Host system seems unaffected
Musl chroot is running an emerge of GCC with 32 jobs, not failing yet after 40m

[edit]: spoke too soon, it took much longer for it to happen, but it happened again:

[ 4504.376866] PANIC: zfs: accessing past end of object 613/a4f9c (size=17920 access=17837+1025) [ 4504.376876] Showing stack for process 9206 [ 4504.376884] CPU: 3 PID: 9206 Comm: cc1plus Tainted: P O 5.5.10-gentoo-x86_64 #1 [ 4504.376889] Hardware name: Gigabyte Technology Co., Ltd. X570 AORUS PRO/X570 AORUS PRO, BIOS F12e 03/06/2020 [ 4504.376895] Call Trace: [ 4504.376907] dump_stack+0x71/0x98 [ 4504.376919] spl_panic+0x176/0x21e [spl] [ 4504.376957] zfs_panic_recover+0x79/0xa0 [zfs] [ 4504.376981] dmu_buf_rele_array+0x45b/0x4d0 [zfs] [ 4504.376999] ? dsl_dir_tempreserve_space+0x222/0x4e0 [zfs] [ 4504.377017] dmu_write_uio_dnode+0x66/0x150 [zfs] [ 4504.377036] dmu_write_uio_dbuf+0x4a/0x70 [zfs] [ 4504.377055] zfs_write+0x9b6/0xe70 [zfs] [ 4504.377101] zle_decompress+0x1365/0x13c0 [zfs] [ 4504.377124] zpl_putpage+0x1a3/0x1130 [zfs] [ 4504.377139] do_iter_readv_writev+0x19e/0x250 [ 4504.377153] do_iter_write+0x80/0x190 [ 4504.377161] vfs_writev+0xf7/0x140 [ 4504.377178] ? __fget_light+0x6c/0xa0 [ 4504.377187] do_writev+0x78/0x120 [ 4504.377198] do_syscall_64+0xd2/0x480 [ 4504.377207] entry_SYSCALL_64_after_hwframe+0x49/0xbe [ 4504.377215] RIP: 0033:0x7fa2f5b9fceb [ 4504.377222] Code: 41 ff cc 48 29 d0 49 83 c6 10 49 8b 56 08 49 63 ec 49 01 06 48 29 c2 49 89 56 08 4c 89 e8 4c 89 f6 48 89 ea 48 63 7b 78 0f 05 <48> 89 c7 e8 5d be fb ff 49 39 c7 75 b8 48 8b 43 58 48 8b 4b 60 48 [ 4504.377228] RSP: 002b:00007fff9aaaa810 EFLAGS: 00000212 ORIG_RAX: 0000000000000014 [ 4504.377236] RAX: ffffffffffffffda RBX: 0000000005ab89c0 RCX: 00007fa2f5b9fceb [ 4504.377241] RDX: 0000000000000002 RSI: 00007fff9aaaa820 RDI: 0000000000000001 [ 4504.377246] RBP: 0000000000000002 R08: 00000000056d6cc0 R09: 0000000000000000 [ 4504.377251] R10: 0000000000000070 R11: 0000000000000212 R12: 0000000000000002 [ 4504.377256] R13: 0000000000000014 R14: 00007fff9aaaa820 R15: 0000000000000401

fsvm88 commented 4 years ago

Did some more analysis and test patching, 2nd final patch (to be used with the first one above): https://pastebin.com/L1VStMDx

There were two errors fixed by the 2nd patch in the zfs_write while(n > 0) loop.

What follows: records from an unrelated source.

lemma tree_longest_path_ends:
  assumes t: "is_tree V E" and P: "P \<in> paths_through V E x y" and "x \<noteq> y"
    and longest: "\<forall>Q\<in>paths_through V E x y. length Q \<le> length P"
  shows "degree V E (hd P) = 1" "degree V E (last P) = 1" "hd P \<noteq> last P"
proof -
  have sg: "simple_graph V E" using t by (simp add: is_tree_def)
  have wP: "distinct P" "x \<in> set P" "y \<in> set P" using P by (auto simp: paths_through_def)
  have "card {x, y} \<le> card (set P)" using wP by (intro card_mono) auto
  then have len: "length P \<ge> 2" using \<open>x \<noteq> y\<close> distinct_card[OF wP(1)] by simp
  show "degree V E (hd P) = 1" by (rule tree_longest_path_hd_leaf[OF t P longest len])
  show "degree V E (last P) = 1"
    using tree_longest_path_hd_leaf[OF t paths_through_rev[OF sg P]] longest len by (simp add: hd_rev)
  have "P \<noteq> []" using len by auto
  then have "hd P = P ! 0" "last P = P ! (length P - 1)" by (simp_all add: hd_conv_nth last_conv_nth)
  moreover have "P ! 0 \<noteq> P ! (length P - 1)"
    using \<open>P \<noteq> []\<close> len nth_eq_iff_index_eq[OF wP(1), of 0 "length P - 1"] by simp
  ultimately show "hd P \<noteq> last P" by simp
qed

text \<open>The two ends of a longest path through \<open>x\<close> and \<open>y\<close> are leaves, so one of them lies
  in \<open>S\<close>, and in a tree the segment of the path leading to it is a geodesic.\<close>
lemma tree_resolving_if_leaves_almost_all:
  assumes t: "is_tree V E" and S: "S \<subseteq> V"
    and leaves: "card ({v \<in> V. degree V E v = 1} - S) \<le> 1"
  shows "strong_resolving_set V E S"
proof (rule strong_resolving_setI[OF _ S])
  show c: "connected_graph V E" using t by (simp add: is_tree_def)
  have sg: "simple_graph V E" using t by (simp add: is_tree_def)
  then have fin: "finite V" by (simp add: simple_graph_def)
  fix x y assume xy: "x \<in> V" "y \<in> V" "x \<noteq> y" "x \<notin> S" "y \<notin> S"
  obtain P where P: "P \<in> paths_through V E x y"
    and longest: "\<forall>Q\<in>paths_through V E x y. length Q \<le> length P"
    using longest_path_through_exists[OF fin c xy(1,2)] .
  have wP: "walk V E P" "distinct P" "x \<in> set P" "y \<in> set P" using P by (auto simp: paths_through_def)
  have "hd P \<in> V" "last P \<in> V" using wP(1) by (auto simp: walk_iff_successively)
  then have "last P \<in> S \<or> hd P \<in> S"
    using tree_longest_path_ends[OF t P xy(3) longest] leaves fin by (auto simp: card_le_Suc0_iff_eq)
  then show "\<exists>z\<in>S. on_geodesic V E x y z \<or> on_geodesic V E y x z"
    using tree_path_resolves_by_last[OF t wP] paths_through_rev[OF sg P]
      tree_path_resolves_by_last[OF t, of "rev P" x y] by (auto simp: paths_through_def last_rev)
qed

lemma leaves_blocking_pair:
  assumes sg: "simple_graph V E" and xy: "x \<in> V" "y \<in> V" "x \<noteq> y"
    and leaves: "degree V E x = 1" "degree V E y = 1"
  shows "blocking_pair V (SR_win V E) x y"
  unfolding blocking_pair_SR_win_iff
proof (intro allI impI notI)
  fix S assume S: "x \<notin> S" "y \<notin> S" "strong_resolving_set V E S"
  then obtain z where "z \<in> S" "on_geodesic V E x y z \<or> on_geodesic V E y x z"
    using xy unfolding strong_resolving_set_def by blast
  then show False using leaf_not_inner_on_geodesic[OF sg] leaves xy(3) S(1,2) by metis
qed

lemma tree_outcome:
  assumes t: "is_tree V E"
  shows "num_leaves V E = 2 \<Longrightarrow> O_SR_is V E Out_M"
    and "num_leaves V E = 3 \<Longrightarrow> O_SR_is V E Out_N"
    and "num_leaves V E \<ge> 4 \<Longrightarrow> O_SR_is V E Out_B"
proof -
  let ?L = "{v \<in> V. degree V E v = 1}"
  have sg: "simple_graph V E" using t by (simp add: is_tree_def)
  then have fin: "finite V" by (simp add: simple_graph_def)
  have L: "card ?L = num_leaves V E" by (simp add: num_leaves_def)
  have groups: "resolving_groups V E {?L}"
    using tree_resolving_if_leaves_almost_all[OF t] by (simp add: resolving_groups_def)
  have blocking: "pairwise (blocking_pair V (SR_win V E)) ?L"
    using leaves_blocking_pair[OF sg] by (simp add: pairwise_def)
  show "num_leaves V E = 2 \<Longrightarrow> O_SR_is V E Out_M"
    using O_SR_is_Out_M_if_resolving_pairs[OF fin groups] L by simp
  show "num_leaves V E = 3 \<Longrightarrow> O_SR_is V E Out_N"
    using O_SR_is_Out_N_if_resolving_triple[OF fin groups _ _ blocking] L by simp
  show "num_leaves V E \<ge> 4 \<Longrightarrow> O_SR_is V E Out_B"
    using O_SR_is_Out_B_if_blocking_clique_4[OF fin _ _ blocking] L by simp
qed

section \<open>Cycles\<close>

definition cycle_dist :: "nat \<Rightarrow> nat \<Rightarrow> nat \<Rightarrow> nat" where
  "cycle_dist n i j = (if i \<le> j then min (j - i) (n - (j - i)) else min (i - j) (n - (i - j)))"

lemma Suc_mod_if_less: "i < n \<Longrightarrow> Suc i mod n = (if Suc i = n then 0 else Suc i)"
  by (simp add: mod_if)

lemma add_mod_if_less:
  assumes "(v::nat) < n" "d < n"
  shows "(v + d) mod n = (if v + d < n then v + d else v + d - n)"
proof (cases "v + d < n")
  case False
  then have "(v + d) mod n = (v + d - n) mod n" by (simp add: le_mod_geq)
  then show ?thesis using assms False by simp
qed simp

lemma add_mod_inj:
  assumes "(v::nat) < n" "d1 < n" "d2 < n" "(v + d1) mod n = (v + d2) mod n"
  shows "d1 = d2"
  using assms by (simp add: add_mod_if_less split: if_splits)

lemma add_mod_diff_mod:
  assumes "(y::nat) < n" "w < n"
  shows "(y + (w + n - y) mod n) mod n = w"
proof -
  have "(y + (w + n - y) mod n) mod n = (y + (w + n - y)) mod n" by (rule mod_add_right_eq)
  also have "y + (w + n - y) = w + n" using assms by simp
  finally show ?thesis using assms by simp
qed

lemma cycle_E_iff: "cycle_E n i j \<longleftrightarrow> i < n \<and> j < n \<and>
   (j = (if Suc i = n then 0 else Suc i) \<or> i = (if Suc j = n then 0 else Suc j))"
  unfolding cycle_E_def using Suc_mod_if_less by auto

lemma cycle_dist_sym: "cycle_dist n i j = cycle_dist n j i"
  by (simp add: cycle_dist_def)

lemma cycle_dist_refl: "cycle_dist n i i = 0"
  by (simp add: cycle_dist_def)

lemma cycle_dist_le_half: "cycle_dist n i j \<le> n div 2"
  by (simp add: cycle_dist_def) linarith

lemma cycle_dist_adjacent:
  assumes "cycle_E n j j'" "i < n"
  shows "cycle_dist n i j' \<le> Suc (cycle_dist n i j)"
  using assms unfolding cycle_E_iff cycle_dist_def by (auto split: if_splits)

lemma cycle_dist_rotate:
  assumes "v < n" "d1 < n" "d2 < n"
  shows "cycle_dist n ((v + d1) mod n) ((v + d2) mod n) = cycle_dist n d1 d2"
  using assms unfolding add_mod_if_less[OF assms(1,2)] add_mod_if_less[OF assms(1,3)]
  by (cases "v + d1 < n"; cases "v + d2 < n") (simp_all add: cycle_dist_def min_def, arith+)

lemma cycle_dist_le_walk:
  "successively (cycle_E n) xs \<Longrightarrow> xs \<noteq> [] \<Longrightarrow> set xs \<subseteq> cycle_V n \<Longrightarrow>
    cycle_dist n (hd xs) (last xs) \<le> length xs - 1"
proof (induction xs)
  case (Cons x ys)
  show ?case
  proof (cases "ys = []")
    case True then show ?thesis by (simp add: cycle_dist_refl)
  next
    case False
    have e: "cycle_E n (hd ys) x" and s: "successively (cycle_E n) ys"
      using Cons.prems False by (auto simp: successively_Cons cycle_E_def)
    have "last ys \<in> cycle_V n" using Cons.prems(3) False by auto
    then have "last ys < n" by (simp add: cycle_V_def)
    then have "cycle_dist n (last ys) x \<le> Suc (cycle_dist n (last ys) (hd ys))"
      by (rule cycle_dist_adjacent[OF e])
    moreover have "cycle_dist n (hd ys) (last ys) \<le> length ys - 1"
      using Cons.IH s False Cons.prems by auto
    ultimately show ?thesis using False by (cases ys) (auto simp: cycle_dist_sym)
  qed
qed simp

lemma cycle_simple: "n \<ge> 3 \<Longrightarrow> simple_graph (cycle_V n) (cycle_E n)"
  unfolding simple_graph_def by (auto simp: cycle_V_def cycle_E_iff)

definition cycle_arc :: "nat \<Rightarrow> nat \<Rightarrow> nat \<Rightarrow> nat list" where
  "cycle_arc n y L = map (\<lambda>t. (y + t) mod n) [0..<Suc L]"

lemma cycle_arc_walk:
  assumes "n \<ge> 3" "y < n"
  shows "walk_between (cycle_V n) (cycle_E n) y ((y + L) mod n) (cycle_arc n y L)"
proof -
  have "cycle_E n ((y + i) mod n) ((y + Suc i) mod n)" for i
    using assms unfolding cycle_E_def by (simp add: mod_Suc_eq)
  then have "walk (cycle_V n) (cycle_E n) (cycle_arc n y L)"
    using assms unfolding walk_def cycle_arc_def by (auto simp: cycle_V_def simp del: upt_Suc)
  then show ?thesis using assms
    by (simp add: walk_between_def cycle_arc_def hd_map last_map del: upt_Suc)
qed

lemma length_cycle_arc: "length (cycle_arc n y L) = Suc L"
  by (simp add: cycle_arc_def)

lemma cycle_arc_mem: "t \<le> L \<Longrightarrow> (y + t) mod n \<in> set (cycle_arc n y L)"
  unfolding cycle_arc_def by (auto simp del: upt_Suc)

lemma cycle_walk_of_length_dist:
  assumes "n \<ge> 3" "y < n" "w < n"
  obtains xs where "walk_between (cycle_V n) (cycle_E n) y w xs" "length xs = Suc (cycle_dist n y w)"
proof -
  have "walk_between (cycle_V n) (cycle_E n) y w (cycle_arc n y ((w + n - y) mod n))"
    using cycle_arc_walk[OF assms(1,2)] add_mod_diff_mod[OF assms(2,3)] by metis
  moreover have "walk_between (cycle_V n) (cycle_E n) y w (rev (cycle_arc n w ((y + n - w) mod n)))"
    using walk_between_rev[OF cycle_simple[OF assms(1)] cycle_arc_walk[OF assms(1,3)]]
      add_mod_diff_mod[OF assms(3,2)] by metis
  moreover have "cycle_dist n y w = (w + n - y) mod n \<or> cycle_dist n y w = (y + n - w) mod n"
    using assms unfolding cycle_dist_def by (auto simp: mod_if)
  ultimately show ?thesis using that by (auto simp: length_cycle_arc)
qed

lemma cycle_connected:
  assumes "n \<ge> 3"
  shows "connected_graph (cycle_V n) (cycle_E n)"
  unfolding connected_graph_def
proof (intro conjI ballI)
  show "cycle_V n \<noteq> {}" using assms by (auto simp: cycle_V_def)
  fix y w assume "y \<in> cycle_V n" "w \<in> cycle_V n"
  then have "y < n" "w < n" by (auto simp: cycle_V_def)
  then show "\<exists>xs. walk_between (cycle_V n) (cycle_E n) y w xs"
    by (meson cycle_walk_of_length_dist assms)
qed

lemma gdist_cycle:
  assumes "n \<ge> 3" "y < n" "w < n"
  shows "gdist (cycle_V n) (cycle_E n) y w = cycle_dist n y w"
proof (rule antisym)
  obtain xs where "walk_between (cycle_V n) (cycle_E n) y w xs" "length xs = Suc (cycle_dist n y w)"
    using cycle_walk_of_length_dist[OF assms] .
  then show "gdist (cycle_V n) (cycle_E n) y w \<le> cycle_dist n y w"
    using gdist_le_walk_length by fastforce
next
  obtain g where g: "geodesic (cycle_V n) (cycle_E n) y w g"
    using geodesic_exists[OF cycle_connected[OF assms(1)]] assms by (auto simp: cycle_V_def)
  then show "cycle_dist n y w \<le> gdist (cycle_V n) (cycle_E n) y w"
    using cycle_dist_le_walk[of n g] unfolding geodesic_def walk_between_def walk_iff_successively
    by auto
qed

lemma cycle_diametral_blocking:
  assumes n: "n \<ge> 3" and xy: "x < n" "y < n" "x \<noteq> y" "cycle_dist n x y = n div 2"
  shows "blocking_pair (cycle_V n) (SR_win (cycle_V n) (cycle_E n)) x y"
proof (rule mutually_maximally_distant_blocking[OF cycle_connected[OF n]])
  show "mutually_maximally_distant (cycle_V n) (cycle_E n) x y"
    using xy gdist_cycle[OF n] cycle_dist_le_half
    by (intro diametral_mutually_maximally_distant[OF cycle_simple[OF n] cycle_connected[OF n]])
      (auto simp: cycle_V_def)
qed (use xy in \<open>auto simp: cycle_V_def\<close>)

text \<open>In an even cycle, every vertex lies on one of the two arcs joining a vertex \<open>y\<close> to its
  antipode, and both arcs are geodesics.\<close>
lemma even_cycle_on_geodesic_to_antipode:
  assumes n: "n \<ge> 3" "even n" and xy: "x < n" "y < n"
  shows "on_geodesic (cycle_V n) (cycle_E n) x y ((y + n div 2) mod n)"
proof -
  let ?h = "n div 2" and ?y' = "(y + n div 2) mod n"
  have y': "?y' < n" and h: "?h < n" "n = 2 * ?h" using n by auto
  have "cycle_dist n ((y + 0) mod n) ((y + ?h) mod n) = cycle_dist n 0 ?h"
    using xy n h by (intro cycle_dist_rotate) auto
  then have "gdist (cycle_V n) (cycle_E n) y ?y' = ?h"
    using gdist_cycle[OF n(1) xy(2) y'] xy h by (simp add: cycle_dist_def)
  then have geo: "geodesic (cycle_V n) (cycle_E n) y ?y' xs"
    if "walk_between (cycle_V n) (cycle_E n) y ?y' xs" "length xs = Suc ?h" for xs
    using that by (simp add: geodesic_def)
  define t where "t = (x + n - y) mod n"
  have xt: "(y + t) mod n = x" unfolding t_def by (rule add_mod_diff_mod[OF xy(2,1)])
  show ?thesis
  proof (cases "t \<le> ?h")
    case True
    have "geodesic (cycle_V n) (cycle_E n) y ?y' (cycle_arc n y ?h)"
      using cycle_arc_walk[OF n(1) xy(2)] by (intro geo) (simp_all add: length_cycle_arc)
    moreover have "x \<in> set (cycle_arc n y ?h)" using cycle_arc_mem[OF True] xt by metis
    ultimately show ?thesis unfolding on_geodesic_def by blast
  next
    case False
    have "t < n" unfolding t_def using n by simp
    then have s: "t - ?h \<le> ?h" using h by linarith
    have "(?y' + (t - ?h)) mod n = (y + ?h + (t - ?h)) mod n" by (simp add: mod_add_left_eq)
    also have "y + ?h + (t - ?h) = y + t" using False by simp
    finally have x_back: "(?y' + (t - ?h)) mod n = x" using xt by simp
    have "(?y' + ?h) mod n = (y + ?h + ?h) mod n" by (simp add: mod_add_left_eq)
    also have "y + ?h + ?h = y + n" using h(2) by linarith
    finally have "(?y' + ?h) mod n = y" using xy(2) by simp
    with x_back have "x \<in> set (rev (cycle_arc n ?y' ?h))"
      and "walk_between (cycle_V n) (cycle_E n) y ?y' (rev (cycle_arc n ?y' ?h))"
      using cycle_arc_mem[OF s, of ?y' n]
        walk_between_rev[OF cycle_simple[OF n(1)] cycle_arc_walk[OF n(1) y', of ?h]] by auto
    then show ?thesis unfolding on_geodesic_def using geo length_cycle_arc by fastforce
  qed
qed
lemma directed_hausdorff_support_density_ge:
  fixes P :: "'b::{metric_space, second_countable_topology} measure"
  assumes h: "h \<in> borel_measurable P" and prob: "prob_space (density P h)"
    and sets: "sets P = sets borel" and n: "0 < n" and E: "0 \<le> E"
    and nbhd: "\<And>r. 0 \<le> r \<Longrightarrow> emeasure P {z. infdist z G \<le> r} \<le> ennreal (C * r ^ n)"
    and energy: "(\<integral>\<^sup>+ z. (h z)\<^sup>2 \<partial>P) \<le> ennreal E"
  shows "ereal ((1 / (C * E)) powr (1 / n)) \<le> directed_hausdorff (measure_support (density P h)) G"
proof (rule ereal_le_directed_hausdorffI)
  show "measure_support (density P h) \<noteq> {}"
    using measure_support_nonempty[OF prob] sets by simp
  fix r :: real
  assume r: "0 \<le> r" and "\<forall>z\<in>measure_support (density P h). infdist z G \<le> r"
  then have spt: "measure_support (density P h) \<subseteq> {z. infdist z G \<le> r}"
    by auto
  have "{z. infdist z G \<le> r} \<in> sets P"
    using sets by (simp add: borel_closed closed_Collect_le continuous_intros)
  then have "1 \<le> emeasure P {z. infdist z G \<le> r} * (\<integral>\<^sup>+ z. (h z)\<^sup>2 \<partial>P)"
    by (rule one_le_emeasure_mul_nn_integral_square[OF h prob sets _ spt])
  also have "\<dots> \<le> ennreal (C * r ^ n) * ennreal E"
    by (intro mult_mono nbhd r energy) auto
  also have "\<dots> = ennreal ((C * E) * r ^ n)"
    using ennreal_mult''[OF E, of "C * r ^ n"] by (simp add: mult_ac)
  finally have "1 \<le> (C * E) * r ^ n"
    by simp
  then show "(1 / (C * E)) powr (1 / n) \<le> r"
    by (rule powr_inverse_le_if_one_le_mult_power[OF n r])
qed

section \<open>The regularized transport problem\<close>

lemma pair_measure_in_couplings:
  fixes \<mu> \<nu> :: "'a::euclidean_space measure"
  assumes \<mu>: "prob_space \<mu>" "sets \<mu> = sets borel" and \<nu>: "prob_space \<nu>" "sets \<nu> = sets borel"
  shows "\<mu> \<Otimes>\<^sub>M \<nu> \<in> couplings \<mu> \<nu>"
proof -
  interpret pair_sigma_finite \<nu> \<mu>
    using \<mu> \<nu> by (simp add: pair_sigma_finite_def prob_space_imp_sigma_finite)
  have "distr (\<mu> \<Otimes>\<^sub>M \<nu>) borel fst = distr (\<mu> \<Otimes>\<^sub>M \<nu>) \<mu> fst"
    using \<mu>(2) by (intro distr_cong) auto
  also have "\<dots> = \<mu>"
    by (rule prob_space.distr_pair_fst[OF \<nu>(1)])
  finally have fst: "distr (\<mu> \<Otimes>\<^sub>M \<nu>) borel fst = \<mu>" .
  have "distr (\<mu> \<Otimes>\<^sub>M \<nu>) borel snd = distr (distr (\<mu> \<Otimes>\<^sub>M \<nu>) (\<nu> \<Otimes>\<^sub>M \<mu>) (\<lambda>(x, y). (y, x))) \<nu> fst"
    using \<nu>(2) by (subst distr_distr) (auto intro!: distr_cong simp: comp_def case_prod_beta)
  also have "\<dots> = distr (\<nu> \<Otimes>\<^sub>M \<mu>) \<nu> fst"
    by (simp flip: distr_pair_swap)
  also have "\<dots> = \<nu>"
    by (rule prob_space.distr_pair_fst[OF \<mu>(1)])
  finally have snd: "distr (\<mu> \<Otimes>\<^sub>M \<nu>) borel snd = \<nu>" .
  show ?thesis
    unfolding couplings_def using prob_space_pair[OF \<mu>(1) \<nu>(1)] sets_pair_measure_borel[OF \<mu>(2) \<nu>(2)] fst snd
    by simp
qed
(* For every $r\ge0$, every graph $G\in\mathcal{G}_{\Sigma,\Delta,\pi}$ and every $v\in V(G)$, we have $\omega_r(G^r_v)=\omega(G)^r_v$.
   Context: Fix an uncountably infinite set $\mathcal{V}$, sets $\Sigma,\Delta$, finite $\pi$. A graph $G$: countable $V(G)\subset\mathcal{V}$; a set $E(G)$ of pairwise disjoint two-element subsets of $V(G)\times\pi$ (write $u\!:\!i$ for $(u,i)$); partial labelings $\sigma(G):V(G)\rightharpoonup\Sigma$, $\delta(G):E(G)\rightharpoonup\Delta$; $\mathcal{G}_{\Sigma,\Delta,\pi}$ the set of graphs. $d_G$ shortest-path distance, $B_G(c,r)$ ball. Disk $G^r_c=(H,c)$: $V(H)=B_G(c,r+1)$, $E(H)$ the edges of $G$ with an endpoint in $B_G(c,r)$, $\sigma(H)=\sigma(G)|_{B_G(c,r)}$, $\delta(H)=\delta(G)|_{E(H)}$; $\mathcal{D}^r_{\Sigma,\Delta,\pi}$ the set of radius-$r$ disks. Let $\Sigma'=\Sigma\uplus\{\star\}$, $\Delta'=\Delta\uplus\{\star\}$, $\pi'=\pi\times\{0,1\}$. The encoding $\omega:\mathcal{G}_{\Sigma,\Delta,\pi}\to\mathcal{G}_{\Sigma',\Delta',\pi'}$: $V(\omega(G))=V(G)$; $\sigma(\omega(G))(u)=\sigma(G)(u)$ if defined, else $\star$; $E(\omega(G))=\{\{u\!:\!(i,0),\mathrm{trg}^\star_G(u\!:\!i)\}\mid u\in V(G),i\in\pi\}$ where $\mathrm{trg}^\star_G(u\!:\!i)=v\!:\!(j,0)$ if $\{u\!:\!i,v\!:\!j\}\in E(G)$ and $\mathrm{trg}^\star_G(u\!:\!i)=u\!:\!(i,1)$ if $u\!:\!i$ lies in no edge of $G$ (a loopback edge); $\delta(\omega(G))(\{u\!:\!(i,0),v\!:\!(j,0)\})=\delta(G)(\{u\!:\!i,v\!:\!j\})$ if defined and $\star$ otherwise, and $\delta(\omega(G))(\{u\!:\!(i,0),u\!:\!(i,1)\})=\star$. For a radius-$r$ disk $(H,v)\in\mathcal{D}^r_{\Sigma,\Delta,\pi}$, $\omega_r((H,v)):=\omega(H)^r_v$. *)

theory Defs
  imports Main "HOL-Library.Countable_Set" "HOL-Library.Extended_Nat"
begin

text \<open>Graphs over vertex type 'v (the universe of vertex names), state labels 's,
  edge labels 'd and port set 'p. A vertex-port pair u:i is (u,i).\<close>

record ('v,'s,'d,'p) graph =
  verts :: "'v set"
  edges :: "('v \<times> 'p) set set"
  vlab  :: "'v \<Rightarrow> 's option"
  elab  :: "('v \<times> 'p) set \<Rightarrow> 'd option"

definition is_graph :: "('v,'s,'d,'p) graph \<Rightarrow> bool" where
  "is_graph G \<longleftrightarrow>
     countable (verts G) \<and>
     (\<forall>e\<in>edges G. card e = 2 \<and> e \<subseteq> verts G \<times> UNIV) \<and>
     (\<forall>e\<in>edges G. \<forall>e'\<in>edges G. e \<noteq> e' \<longrightarrow> e \<inter> e' = {}) \<and>
     dom (vlab G) \<subseteq> verts G \<and>
     dom (elab G) \<subseteq> edges G"

definition adj :: "('v,'s,'d,'p) graph \<Rightarrow> ('v \<times> 'v) set" where
  "adj G = {(u,v). \<exists>i j. {(u,i),(v,j)} \<in> edges G}"

definition gdist :: "('v,'s,'d,'p) graph \<Rightarrow> 'v \<Rightarrow> 'v \<Rightarrow> enat" where
  "gdist G u v = (INF n\<in>{n. (u,v) \<in> adj G ^^ n}. enat n)"

definition ball :: "('v,'s,'d,'p) graph \<Rightarrow> 'v \<Rightarrow> nat \<Rightarrow> 'v set" where
  "ball G c r = {u \<in> verts G. gdist G c u \<le> enat r}"

definition disk :: "('v,'s,'d,'p) graph \<Rightarrow> 'v \<Rightarrow> nat \<Rightarrow> ('v,'s,'d,'p) graph \<times> 'v" where
  "disk G c r =
    (let B = ball G c r;
         EH = {e \<in> edges G. \<exists>x\<in>e. fst x \<in> B}
     in (\<lparr> verts = ball G c (Suc r),
           edges = EH,
           vlab = restrict_map (vlab G) B,
           elab = restrict_map (elab G) EH \<rparr>, c))"

text \<open>Sigma' = Sigma + {star}, Delta' = Delta + {star}.\<close>
datatype 'a starred = Lab 'a | Star

text \<open>trg*: the partner of u:i in G, encoded with port (j,0), or the loopback port (i,1).
  In pi' = pi x {0,1}, 0 is False and 1 is True.\<close>
definition trg :: "('v,'s,'d,'p) graph \<Rightarrow> 'v \<times> 'p \<Rightarrow> 'v \<times> ('p \<times> bool)" where
  "trg G x =
    (if \<exists>y. y \<noteq> x \<and> {x, y} \<in> edges G
     then (case (THE y. y \<noteq> x \<and> {x, y} \<in> edges G) of (v, j) \<Rightarrow> (v, (j, False)))
     else (fst x, (snd x, True)))"

definition strip :: "'v \<times> ('p \<times> bool) \<Rightarrow> 'v \<times> 'p" where
  "strip x = (fst x, fst (snd x))"

definition enc_edges :: "('v,'s,'d,'p) graph \<Rightarrow> ('v \<times> ('p \<times> bool)) set set" where
  "enc_edges G = {{(u, (i, False)), trg G (u, i)} | u i. u \<in> verts G}"

definition omega :: "('v,'s,'d,'p) graph \<Rightarrow> ('v,'s starred,'d starred,'p \<times> bool) graph" where
  "omega G =
    \<lparr> verts = verts G,
      edges = enc_edges G,
      vlab = (\<lambda>u. if u \<in> verts G then
                     Some (case vlab G u of Some s \<Rightarrow> Lab s | None \<Rightarrow> Star)
                   else None),
      elab = (\<lambda>e. if e \<in> enc_edges G then
                     Some (if (\<forall>x\<in>e. snd (snd x) = False)
                           then (case elab G (strip ` e) of Some d \<Rightarrow> Lab d | None \<Rightarrow> Star)
                           else Star)
                   else None) \<rparr>"

definition omega_r :: "nat \<Rightarrow> ('v,'s,'d,'p) graph \<times> 'v \<Rightarrow> ('v,'s starred,'d starred,'p \<times> bool) graph \<times> 'v" where
  "omega_r r D = disk (omega (fst D)) (snd D) r"

end

theory Submission
  imports Defs
begin

(* Both disks are read off from the same data: the balls of radius r and r + 1 around v,
   the edges meeting the inner ball, and the labels on these. The encoding omega changes
   adjacency only by loopbacks, so it preserves balls, and the disk G^r_v has the same balls
   as G up to radius r + 1. The encoded edge at a port u:i depends only on the edges of the
   original graph through u:i, and every encoded edge meeting a vertex set A is the encoded
   edge at a port of some vertex of A. Hence omega maps graphs that agree near A to graphs
   that agree near A; apply this to G^r_v and G with A = B_G(v, r). *)

fun reach_within :: "('a \<times> 'a) set \<Rightarrow> 'a \<Rightarrow> nat \<Rightarrow> 'a set" where
  "reach_within R c 0 = {c}"
| "reach_within R c (Suc k) = reach_within R c k \<union> R `` reach_within R c k"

n > max_blksz: we countinue to the next loop without updating n (uio_prefaultpages does not fail), and then possibly attempt to write garbage in the last iteration (saw GCC compiling break after comment above due to garbage in one of the object files)
n < max_blksz: we try to uio_prefaultpages with n bigger than the last byte of data, most likely EFAULTing due to the access_ok() check in uio_prefaultpages, and thus breaking the loop early

I have left GCC compiling run in a loop overnight: 11 successful merges (and counting) with no sign of breakage.